Maybe I'll just make a giant pepper box out of it.
 
Yep, the Walker cylinder "upgrade" would be an excellent fix!! Besides, it will definitely have "cool factor"!!
Jappo beat me to it.

Mike
 
If it was me I would file out the inner part of the notch where it enters the forcing cone. Then fire it for group and see what happens. If it's OK, smooth off the muzzle bell and cold blue it. If it won't shoot it will look good on a wall. That's just me and I admit to being a redneck kind of guy.
 
If it was me I would file out the inner part of the notch where it enters the forcing cone. Then fire it for group and see what happens. If it's OK, smooth off the muzzle bell and cold blue it. If it won't shoot it will look good on a wall. That's just me and I admit to being a redneck kind of guy.
russellshaffer, full on "redneck" WOULD BE the Walker cylinder!!! Come on man !!!!!!!!! 😆
A 60gr shooting Dragoon!!! (Bigger engines always!!!)

Mike
 
Look the cylinder over closer. That notch looks like somebody tried to pry the barrel off. Also the top of the forcing cone shows the imprint of the cylinder from when Bubba was beating on it.
Yep, definitely been dragging.
Just curious....as I have never owned this type of revolver, but wouldn't that notch divert a flash (burning powder) towards the center of the cylinder where all the other chambers are loaded....waiting to be fired?

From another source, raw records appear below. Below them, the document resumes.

lemma has_vector_derivative_within_Icc_off_finite:
  fixes f :: "real \<Rightarrow> 'a::banach"
  assumes "finite K" and "continuous_on {a..b} f" and "continuous_on {a..b} f'"
    and "\<And>t. t \<in> {a<..<b} - K \<Longrightarrow> (f has_vector_derivative f' t) (at t)"
    and "t \<in> {a..b}"
  shows "(f has_vector_derivative f' t) (at t within {a..b})"
proof (rule has_vector_derivative_transform[OF assms(5)])
  fix x assume x: "x \<in> {a..b}"
  have "(f' has_integral (f x - f a)) {a..x}"
    using x assms(1,4) by (intro fundamental_theorem_of_calculus_interior_strong[of K])
      (auto intro: continuous_on_subset[OF assms(2)])
  then show "f x = f a + integral {a..x} f'"
    by (simp add: integral_unique)
next
  have "((\<lambda>x. f a + integral {a..x} f') has_vector_derivative 0 + f' t) (at t within {a..b})"
    by (intro has_vector_derivative_add has_vector_derivative_const
        integral_has_vector_derivative assms(3,5))
  then show "((\<lambda>x. f a + integral {a..x} f') has_vector_derivative f' t) (at t within {a..b})"
    by simp
qed

lemma W2infI:
  assumes "0 \<le> L" and "finite K"
    and "\<And>t. t \<in> {0..L} \<Longrightarrow> (X has_vector_derivative X' t) (at t within {0..L})"
    and "continuous_on {0..L} X'"
    and "\<And>t. t \<in> {0<..<L} - K \<Longrightarrow> (X' has_vector_derivative X'' t) (at t)"
    and "\<And>t. norm (X'' t) \<le> C"
  shows "W2inf L X"
proof -
  have integral_X'': "(X'' has_integral (X' t - X' 0)) {0..t}" if "t \<in> {0..L}" for t
    using that assms(2,5) by (intro fundamental_theorem_of_calculus_interior_strong[of K])
      (auto intro: continuous_on_subset[OF assms(4)])
  have "X'' integrable_on {0..L}"
    using integral_X''[of L] assms(1) has_integral_integrable by auto
  moreover have "\<forall>t\<in>{0..L}. X' t = X' 0 + integral {0..t} X''"
    using integral_unique[OF integral_X''] by simp
  moreover have "AE t in lebesgue_on {0..L}. norm (X'' t) \<le> C"
    using assms(6) by simp
  ultimately show ?thesis
    unfolding W2inf_def using assms(3) by blast
qed
definition K_derivation :: "'a::comm_ring_1 set \<Rightarrow> ('a \<Rightarrow> 'a) \<Rightarrow> bool" where
  "K_derivation K D \<longleftrightarrow> (\<forall>x y. D (x + y) = D x + D y) \<and> (\<forall>x y. D (x * y) = x * D y + y * D x)
     \<and> (\<forall>c\<in>K. D c = 0)"

definition homogeneous_of_degree :: "(int^'n \<Rightarrow> 'a set) \<Rightarrow> ('a \<Rightarrow> 'a) \<Rightarrow> int^'n \<Rightarrow> bool" where
  "homogeneous_of_degree G D e \<longleftrightarrow> (\<forall>m. \<forall>x\<in>G m. D x \<in> G (m + e))"

definition locally_nilpotent :: "('a::zero \<Rightarrow> 'a) \<Rightarrow> bool" where
  "locally_nilpotent D \<longleftrightarrow> (\<forall>a. \<exists>n. (D ^^ n) a = 0)"

definition line_through :: "int^'n \<Rightarrow> int^'n \<Rightarrow> (rat^'n) set" where
  "line_through e1 e2 = {v. \<exists>t::rat. \<forall>i. v $ i = t * of_int (e1 $ i) + (1 - t) * of_int (e2 $ i)}"

end

theory Submission
  imports Defs
begin

text \<open>
  (1) Since A is finitely generated, the weights are nonnegative integer combinations of a
      finite set W of weights (the homogeneous components of the generators).
  (2) D^n maps A_m into the sum of the components of degrees m + j e1 + (n - j) e2, j \<le> n.
  (3) If for every n one of these degrees were a weight, Dickson's lemma applied to the
      coefficient vectors over W would produce p < q whose difference
      a e1 + b e2 (a, b \<ge> 0, a + b > 0) lies in the cone of W; rescaling by 1/(a+b) gives a
      point of the line inside the weight cone.  Hence D^n kills A_m for large n.
  (4) Every element is a finite sum of homogeneous ones, so D is locally nilpotent.
\<close>

lemma graded_algebra_subspace:
  "graded_algebra K G \<Longrightarrow> K_subspace K (G m)"
  unfolding graded_algebra_def by blast
(* For all reals $x\ge D\ge 0$, \[ \sum_{d\le \min(D,\,x/10^{12})}\frac{\mu^2(d)\varphi(d)}{d^{2}\log(x/d)^2}\,g_1(d)^2\le 0.047. \]
   Context: $\mu$ is the Möbius function, $\varphi$ Euler's totient, $d$ ranges over positive integers (an empty sum is $0$). Let $\xi=1-1/(12\log 10)$. $g_1$ is the multiplicative function defined on primes by $g_1(2)=2.06$ and $g_1(p)=p^\xi/(p^\xi-1)$ for $p\ge 3$. *)

theory Defs
  imports "HOL-Number_Theory.Number_Theory" "HOL-Computational_Algebra.Squarefree"
begin

definition moebius_mu :: "nat \<Rightarrow> int" where
  "moebius_mu d = (if squarefree d then (-1) ^ card (prime_factors d) else 0)"

definition xi :: real where
  "xi = 1 - 1 / (12 * ln 10)"

definition g1_prime :: "nat \<Rightarrow> real" where
  "g1_prime p = (if p = 2 then 2.06 else real p powr xi / (real p powr xi - 1))"

text \<open>Multiplicative function determined by its values at primes; only its
values on squarefree arguments matter below, where it is the product over
the prime factors.\<close>
definition g1 :: "nat \<Rightarrow> real" where
  "g1 d = (\<Prod>p\<in>prime_factors d. g1_prime p)"

end

theory Submission
  imports Defs
begin

(*
  For squarefree d the summand is the product of euler_factor p = (1 - 1/p) g1(p)^2 / p
  over p | d, divided by log(x/d)^2.  For p >= 5 write euler_factor p = 1/p + excess p,
  and let excess p = euler_factor p for p = 2, 3.  Expanding the product splits d = m n,
  where m is the product of a set B of primes contributing their excess and n, coprime
  to 6, collects the primes contributing 1/p.  For fixed B the sum over n <= y/m of
  1/(n log(x/(m n))^2) is at most 1/(3 log(x/y)) <= 1/81: the integers > 1 coprime to 6
  fit one into each interval [3j+1, 3j+4], on which the integral of 1/(t log(X/t)^2) is
  an increment of 1/log(X/t), so the sum telescopes.  Summing over B costs the Euler
  product of 1 + excess p over p <= y.  As excess p is of order p^(-1-xi), this product
  is bounded numerically: excess 2 = 1.0609, excess 3 <= 0.5225 and the excesses of the
  primes p >= 5 add up to less than 0.186, so the product is below 3.8 < 81 * 0.047.
*)

lemma finite_nat_real_le: "finite {n::nat. real n \<le> y}"
proof (rule finite_subset)
  show "{n::nat. real n \<le> y} \<subseteq> {..nat \<lceil>y\<rceil>}"
    using ceiling_mono[of "real _" y] by (auto simp: le_nat_iff)
qed simp

lemma ln_10_ge: "9/4 \<le> ln (10::real)"
proof -
  have square: "x^2 \<le> b" if "x \<le> a" "0 \<le> x" "a * a \<le> b" for x a b :: real
    using that by (metis mult_mono order_trans power2_eq_square)
  define r where "r = exp (9/256::real)"
  have "r \<le> 1 + 9/256 + (9/256)^2" unfolding r_def by (rule exp_bound) auto
  then have "r \<le> 10364/10000" by (simp add: power2_eq_square)
  then have "r^2 \<le> 5371/5000" by (rule square) (simp_all add: r_def)
  then have "(r^2)^2 \<le> 577/500" by (rule square) simp_all
  then have "((r^2)^2)^2 \<le> 6659/5000" by (rule square) simp_all
  then have "(((r^2)^2)^2)^2 \<le> 17737/10000" by (rule square) simp_all
  then have "((((r^2)^2)^2)^2)^2 \<le> 31461/10000" by (rule square) simp_all
  then have "(((((r^2)^2)^2)^2)^2)^2 \<le> 10" by (rule square) simp_all
  then have "r ^ 64 \<le> 10" by (simp flip: power_mult)
  then have "exp (real 64 * (9/256)) \<le> exp (ln (10::real))"
    unfolding r_def by (subst exp_of_nat_mult) simp
  then have "real 64 * (9/256) \<le> ln (10::real)" by (simp only: exp_le_cancel_iff)
  then show ?thesis by simp
qed
(* Let $G$ be a graph with demand functions $f$ and $g$ and fractional list-assignment $L$ such that for each $v\in V(G)$, $g(v) \leq f(v)\mu(L(v))$. If for each $S\subseteq V(G)$ with $\mu(\bigcap_{v\in S}L(v)) > 0$ the graph $G[S]$ has an $f$-coloring (with respect to $f$ restricted to $S$), then $G$ has a fractional $(g, L)$-coloring.
   Context: A demand function for a graph $G$ is a function $f: V(G)\to [0,1]\cap\mathbb{Q}$. A fractional coloring of $G$ is a function $\phi$ assigning to each $v\in V(G)$ a measurable subset $\phi(v)\subseteq[0,1]$ such that $\phi(u)\cap\phi(v)=\varnothing$ for every edge $uv$; an $f$-coloring is a fractional coloring with $\mu(\phi(v))\geq f(v)$ for all $v$, $\mu$ being Lebesgue measure. A fractional list-assignment is a function $L$ assigning to each vertex a measurable subset $L(v)\subseteq[0,1]$. A fractional $(g,L)$-coloring is a $g$-coloring $\phi$ with $\phi(v)\subseteq L(v)$ for all $v$. *)

theory Defs
  imports "HOL-Analysis.Analysis"
begin

definition graph :: "'a set \<Rightarrow> ('a \<Rightarrow> 'a \<Rightarrow> bool) \<Rightarrow> bool" where
  "graph V E \<longleftrightarrow> finite V \<and> (\<forall>u v. E u v \<longrightarrow> u \<in> V \<and> v \<in> V)
     \<and> (\<forall>u v. E u v \<longrightarrow> E v u) \<and> (\<forall>v. \<not> E v v)"

definition demand_function :: "'a set \<Rightarrow> ('a \<Rightarrow> real) \<Rightarrow> bool" where
  "demand_function V f \<longleftrightarrow> (\<forall>v\<in>V. f v \<in> \<rat> \<and> 0 \<le> f v \<and> f v \<le> 1)"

I dunno if I would want to be holding that if one of those other cylinders doesn't have a solid no-gap load in it.
Not supposed to be there. No idea why it was done. But it does look like it was done deliberately.
 
recently worked on one, terrible workmanship on the arbor and internals. Plus it had a huge rifle sight stuck on it.
 
It wasn't, but the terms were "as is." I should have looked at the photos more closely! Lesson learned, for sure.
Ok all is not lost. Since you got the barrel off I would chuck it in a drill press and use a file to get rid of the mushrooming effect. Can be polished using extra fine sandpaper and fine copper wool then cold blue. You can cut a simple crown simply by using some valve grinding paste and a round head carriage bolt chucked in a cordless drill. The smooth bolt head needs to be a tad larger than the bore. The valve grinding paste cuts pretty fast so go easy, usually just a couple of minutes will do.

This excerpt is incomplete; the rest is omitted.